70 FLRA No. 62
OF GOVERNMENT EMPLOYEES
DEPARTMENT OF THE AIR FORCE
LUKE AIR FORCE BASE, ARIZONA
DECISION AND ORDER
ON A NEGOTIABILITY ISSUE
July 31, 2017
Before the Authority: Patrick Pizzella, Acting Chairman,
and Ernest DuBester, Member
(Member DuBester concurring)
I. Statement of the Case
This matter is before the Authority on a negotiability appeal filed under § 7105(a)(2)(E) of the Federal Service Labor-Management Relations Statute (the Statute). The case concerns the negotiability of one provision – which was disapproved by the Agency head under § 7114(c) of the Statute. The provision would require the Agency to identify a “Chief Negotiator” for the Union to submit its bargaining proposals to. The Agency asks us to find that the proposal is nonnegotiable.
The main question before us is whether the provision impermissibly affects management’s right to assign work under § 7106(a)(2)(b) of the Statute. For the reasons discussed below, we find that the provision does impermissibly affect that right.

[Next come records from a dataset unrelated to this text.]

(* Let $r\ge1$ and let $\sigma=(1,1,\ldots,1)$ be the partition of $r$ into $r$ parts equal to $1$. Let $H=H(n,r,q\mid\sigma)$ with $n\ge(r+1)^2$ and $q\ge r$. Then $H$ has a maximum matching leaving exactly $p$ vertices unmatched, where $p$ is the remainder of $nq$ upon division by $r$; hence $\nu(H)=\left\lfloor\frac{nq}{r}\right\rfloor$.
   Context: A $\sigma$-hypergraph $H=H(n,r,q\mid\sigma)$, for a partition $\sigma$ of $r$, is the $r$-uniform hypergraph whose vertex set is the disjoint union of $n$ classes $V_1,\ldots,V_n$, each of size $q$; an $r$-subset $K$ of vertices is an edge iff the multiset of non-zero values $|K\cap V_i|$ equals $\sigma$ (so for $\sigma=(1,\ldots,1)$ the edges are the $r$-sets meeting $r$ distinct classes in one vertex each). A matching is a set of pairwise vertex-disjoint edges; $\nu(H)$ is the maximum size of a matching. *)

theory Defs
  imports Main "HOL-Library.Multiset"
begin

text \<open>Vertices of H(n,r,q|sigma): pairs (i,j), i<n the class index, j<q the position
 inside class V_i.\<close>
definition sh_vertices :: "nat \<Rightarrow> nat \<Rightarrow> (nat \<times> nat) set" where
  "sh_vertices n q = {0..<n} \<times> {0..<q}"

definition sh_class :: "nat \<Rightarrow> nat \<Rightarrow> (nat \<times> nat) set" where
  "sh_class q i = {i} \<times> {0..<q}"

definition sh_profile :: "nat \<Rightarrow> nat \<Rightarrow> (nat \<times> nat) set \<Rightarrow> nat multiset" where
  "sh_profile n q K =
     filter_mset (\<lambda>x. x \<noteq> 0) (image_mset (\<lambda>i. card (K \<inter> sh_class q i)) (mset_set {0..<n}))"

text \<open>Edges of the sigma-hypergraph H(n,r,q|sigma), sigma a partition of r given as a multiset.\<close>
definition sh_edges :: "nat \<Rightarrow> nat \<Rightarrow> nat \<Rightarrow> nat multiset \<Rightarrow> (nat \<times> nat) set set" where
  "sh_edges n r q \<sigma> =
     {K. K \<subseteq> sh_vertices n q \<and> card K = r \<and> sh_profile n q K = \<sigma>}"

definition is_matching :: "'v set set \<Rightarrow> 'v set set \<Rightarrow> bool" where
  "is_matching E M \<longleftrightarrow> M \<subseteq> E \<and> (\<forall>e\<in>M. \<forall>f\<in>M. e \<noteq> f \<longrightarrow> e \<inter> f = {})"

text \<open>Matching number (for finite hypergraphs).\<close>
definition matching_number :: "'v set set \<Rightarrow> nat" where
  "matching_number E = Max {card M | M. is_matching E M}"

end

theory Submission
  imports Defs
begin

text \<open>Index the vertices by \<open>t < n q\<close> via \<open>t \<mapsto> (t mod n, t div n)\<close>. Any \<open>r \<le> n\<close>
  consecutive indices fall into distinct classes, so cutting the first \<open>r \<lfloor>nq/r\<rfloor>\<close> indices
  into consecutive blocks of length \<open>r\<close> yields a matching of \<open>\<lfloor>nq/r\<rfloor>\<close> edges that misses
  exactly \<open>nq mod r\<close> vertices. Conversely, disjoint \<open>r\<close>-sets cover at most \<open>nq\<close> vertices.\<close>

lemma card_Union_matching:
  assumes "is_matching E M" and "E \<subseteq> Pow V" and "finite V" and "\<forall>e\<in>E. card e = r"
  shows "card (\<Union>M) = r * card M"
proof -
  have "M \<subseteq> E" and disj: "\<forall>e\<in>M. \<forall>f\<in>M. e \<noteq> f \<longrightarrow> e \<inter> f = {}"
    using assms(1) unfolding is_matching_def by auto
  then have "M \<subseteq> Pow V" using assms(2) by blast
  then have "finite M" and fin_edges: "\<forall>e\<in>M. finite e"
    using assms(3) by (auto intro: finite_subset)
  have "card (\<Union>M) = sum card M"
    using fin_edges disj by (intro card_Union_disjoint) (auto simp: pairwise_def disjnt_def)
  also have "\<dots> = sum (\<lambda>_. r) M"
    using \<open>M \<subseteq> E\<close> assms(4) by (intro sum.cong) auto
  finally show ?thesis by simp
qed

lemma matching_number_eqI:
  assumes "is_matching E M" and "card M = N" and "\<And>M'. is_matching E M' \<Longrightarrow> card M' \<le> N"
  shows "matching_number E = N"
  unfolding matching_number_def
proof (rule Max_eqI)
  show "finite {card M |M. is_matching E M}"
    by (rule finite_subset[of _ "{..N}"]) (auto dest: assms(3))
qed (use assms in auto)

lemma sh_edges_subset_Pow: "sh_edges n r q \<sigma> \<subseteq> Pow (sh_vertices n q)"
  unfolding sh_edges_def by auto

lemma card_sh_vertices: "card (sh_vertices n q) = n * q"
  by (simp add: sh_vertices_def)

lemma finite_sh_vertices: "finite (sh_vertices n q)"
  by (simp add: sh_vertices_def)

lemma sh_matching_Union_subset:
  "is_matching (sh_edges n r q \<sigma>) M \<Longrightarrow> \<Union>M \<subseteq> sh_vertices n q"
  unfolding is_matching_def sh_edges_def by blast

lemma card_Union_sh_matching:
  assumes "is_matching (sh_edges n r q \<sigma>) M"
  shows "card (\<Union>M) = r * card M"
  using assms sh_edges_subset_Pow finite_sh_vertices
  by (rule card_Union_matching) (simp add: sh_edges_def)

lemma sh_matching_card_le:
  assumes "is_matching (sh_edges n r q \<sigma>) M"
  shows "r * card M \<le> n * q"
  using card_mono[OF finite_sh_vertices sh_matching_Union_subset[OF assms]]
  by (simp add: card_Union_sh_matching[OF assms] card_sh_vertices)

lemma card_unmatched_sh_vertices:
  assumes "is_matching (sh_edges n r q \<sigma>) M"
  shows "card (sh_vertices n q - \<Union>M) = n * q - r * card M"
proof -
  have "\<Union>M \<subseteq> sh_vertices n q" using sh_matching_Union_subset[OF assms] .
  then show ?thesis
    using finite_sh_vertices card_Union_sh_matching[OF assms]
    by (simp add: card_Diff_subset finite_subset card_sh_vertices)
qed

lemma sh_profile_transversal:
  assumes K: "K \<subseteq> sh_vertices n q" and inj: "inj_on fst K" and card: "card K = r"
  shows "sh_profile n q K = replicate_mset r 1"
proof -
  have "finite K" using K finite_subset unfolding sh_vertices_def by blast
  have meet: "card (K \<inter> sh_class q i) = (if i \<in> fst ` K then 1 else 0)" for i
  proof (cases "i \<in> fst ` K")
    case True
    then obtain x where x: "x \<in> K" "fst x = i" by auto
    have "y = x" if "y \<in> K \<inter> sh_class q i" for y
      using that x inj unfolding sh_class_def inj_on_def by auto
    moreover have "x \<in> sh_class q i"
      using x K unfolding sh_class_def sh_vertices_def by (cases x) auto
    ultimately have "K \<inter> sh_class q i = {x}" using x by blast
    then show ?thesis using True by simp
  next
    case False
    then have "K \<inter> sh_class q i = {}" unfolding sh_class_def by force
    then show ?thesis using False by simp
  qed
  have support: "{i \<in> {0..<n}. card (K \<inter> sh_class q i) \<noteq> 0} = fst ` K"
    using K meet unfolding sh_vertices_def by (auto split: if_splits)
  have "sh_profile n q K = image_mset (\<lambda>i. card (K \<inter> sh_class q i)) (mset_set (fst ` K))"
    unfolding sh_profile_def filter_mset_image_mset using support by simp
  also have "\<dots> = image_mset (\<lambda>_. 1) (mset_set (fst ` K))"
    by (rule image_mset_cong) (simp add: meet \<open>finite K\<close>)
  also have "\<dots> = replicate_mset r 1"
    using \<open>finite K\<close> card_image[OF inj] card by (simp add: image_mset_const_eq)
  finally show ?thesis .
qed

lemma inj_on_mod_interval:
  fixes n a r :: nat
  assumes "r \<le> n"
  shows "inj_on (\<lambda>t. t mod n) {a..<a+r}"
proof -
  have "x mod n \<noteq> y mod n" if "x < y" "y < x + n" for x y :: nat
  proof
    assume "x mod n = y mod n"
    then have "n dvd y - x" using mod_eq_dvd_iff_nat[of x y n] \<open>x < y\<close> by simp
    then show False using that by (auto dest: dvd_imp_le)
  qed
  moreover have "y < x + n" if "x \<in> {a..<a+r}" "y \<in> {a..<a+r}" for x y
    using that assms by auto
  ultimately show ?thesis
    unfolding inj_on_def by (metis linorder_neqE_nat)
qed

definition sh_index_vertex :: "nat \<Rightarrow> nat \<Rightarrow> nat \<times> nat" where
  "sh_index_vertex n t = (t mod n, t div n)"

definition sh_block :: "nat \<Rightarrow> nat \<Rightarrow> nat \<Rightarrow> (nat \<times> nat) set" where
  "sh_block n r k = sh_index_vertex n ` {k*r..<k*r+r}"

lemma inj_sh_index_vertex: "inj (sh_index_vertex n)"
  unfolding sh_index_vertex_def inj_def by (metis div_mult_mod_eq prod.inject)

lemma sh_index_vertex_in_sh_vertices:
  assumes "t < n * q"
  shows "sh_index_vertex n t \<in> sh_vertices n q"
  using assms by (cases "n = 0")
    (auto simp: sh_index_vertex_def sh_vertices_def less_mult_imp_div_less mult.commute)

lemma sh_block_in_sh_edges:
  assumes "r \<le> n" and "k*r + r \<le> n * q"
  shows "sh_block n r k \<in> sh_edges n r q (replicate_mset r 1)"
proof -
  have sub: "sh_block n r k \<subseteq> sh_vertices n q"
    using assms(2) sh_index_vertex_in_sh_vertices unfolding sh_block_def by fastforce
  have card: "card (sh_block n r k) = r"
    unfolding sh_block_def
    by (subst card_image) (auto intro: inj_on_subset[OF inj_sh_index_vertex])
  have "inj_on (fst \<circ> sh_index_vertex n) {k*r..<k*r+r}"
    using inj_on_mod_interval[OF assms(1)] by (simp add: comp_def sh_index_vertex_def)
  then have "inj_on fst (sh_block n r k)"
    unfolding sh_block_def by (simp add: inj_on_imageI)
  then show ?thesis
    using sub card sh_profile_transversal unfolding sh_edges_def by auto
qed

lemma disjoint_sh_blocks:
  assumes "k \<noteq> k'"
  shows "sh_block n r k \<inter> sh_block n r k' = {}"
proof -
  have "k*r + r \<le> k'*r" if "k < k'" for k k' :: nat
    using mult_le_mono1[of "Suc k" k' r] that by simp
  then have "{k*r..<k*r+r} \<inter> {k'*r..<k'*r+r} = {}"
    using assms by (cases "k < k'") auto
  then show ?thesis
    unfolding sh_block_def by (simp add: image_Int[OF inj_sh_index_vertex, symmetric])
qed

lemma sh_block_matching:
  fixes n r q :: nat
  assumes "1 \<le> r" and "r \<le> n"
  defines "M \<equiv> sh_block n r ` {..<n * q div r}"
  shows "is_matching (sh_edges n r q (replicate_mset r 1)) M" and "card M = n * q div r"
proof -
  have "k*r + r \<le> n * q" if "k < n * q div r" for k
  proof -
    have "Suc k * r \<le> n * q div r * r" using that by (intro mult_le_mono1) simp
    also have "\<dots> \<le> n * q" by (rule div_times_less_eq_dividend)
    finally show ?thesis by simp
  qed
  then have "M \<subseteq> sh_edges n r q (replicate_mset r 1)"
    unfolding M_def using sh_block_in_sh_edges[OF assms(2)] by blast
  moreover have "e \<inter> f = {}" if ef: "e \<in> M" "f \<in> M" and "e \<noteq> f" for e f
  proof -
    obtain k k' where blocks: "e = sh_block n r k" "f = sh_block n r k'"
      using ef unfolding M_def by blast
    with \<open>e \<noteq> f\<close> have "k \<noteq> k'" by blast
    then show ?thesis using disjoint_sh_blocks blocks by simp
  qed
  ultimately show "is_matching (sh_edges n r q (replicate_mset r 1)) M"
    unfolding is_matching_def by blast
  have "sh_block n r k \<noteq> {}" for k
    using assms(1) unfolding sh_block_def by auto
  then have "inj_on (sh_block n r) {..<n * q div r}"
    using disjoint_sh_blocks by (metis inj_onI Int_absorb)
  then show "card M = n * q div r"
    unfolding M_def by (simp add: card_image)
qed

theorem lemma3p6:
  fixes n r q :: nat
  assumes "r \<ge> 1" and "n \<ge> (r + 1)^2" and "q \<ge> r"
  defines "E \<equiv> sh_edges n r q (replicate_mset r 1)"
  shows "(\<exists>M. is_matching E M \<and> card M = matching_number E
            \<and> card (sh_vertices n q - \<Union>M) = (n * q) mod r)
         \<and> matching_number E = (n * q) div r"
proof -
  have "r \<le> n" using assms(2) by (auto simp: power2_eq_square)
  define M where "M = sh_block n r ` {..<n * q div r}"
  have M: "is_matching E M" "card M = n * q div r"
    using sh_block_matching[OF assms(1) \<open>r \<le> n\<close>] unfolding E_def M_def by auto
  have "card M' \<le> n * q div r" if "is_matching E M'" for M'
    using sh_matching_card_le[OF that[unfolded E_def]] assms(1)
    by (simp add: less_eq_div_iff_mult_less_eq mult.commute)
  then have \<nu>: "matching_number E = n * q div r"
    using matching_number_eqI M by blast
  have "card (sh_vertices n q - \<Union>M) = n * q mod r"
    using card_unmatched_sh_vertices[OF M(1)[unfolded E_def]]
    by (simp add: M(2) minus_mult_div_eq_mod)
  with M \<nu> show ?thesis by auto
qed

end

Accordingly, we find the provision nonnegotiable.
The parties executed a memorandum of understanding (MOU) concerning ground rules for negotiating a labor agreement, and submitted it for review and approval by the Agency head, under § 7114(c) of the Statute. The Agency head disapproved seven of the MOU’s ground-rules provisions. Subsequently, the Union filed a negotiability petition (petition) under § 7105(a)(2)(E) of the Statute, concerning those provisions. While the petition was pending before the Authority, the parties elected to use the Authority’s Collaboration and Alternative Dispute Resolution Office, and entered into a settlement agreement resolving four of the seven provisions. The Authority then conducted a post‑petition conference pursuant to § 2424.23 of the Authority’s Regulations. At the conference, the parties resolved two more provisions, leaving only one provision in dispute.
III. The Provision
Section 3. The Bargaining Routine.
- Upon the execution of this MOU the Union team members noted in Section 1 of this agreement will be allowed the official time to prepare a bargaining proposal for negotiations. Once that official time grant is exhausted the Union will email the Employer’s Chief Negotiator the Union’s proposals within seven days. The Employer will have 21 calendar days to review and come up with their counter proposals. Using the same numbering and lettering system, the Employer will respond to the Union’s respective proposal. Any new proposal for other subjects may be offered with a new number or letter following what the Union has presented. The parties will agree upon final layout when all articles are completed. At the end of that 21‑day review period the Employer will provide the Union’s Chief Negotiator with its counter proposals through email.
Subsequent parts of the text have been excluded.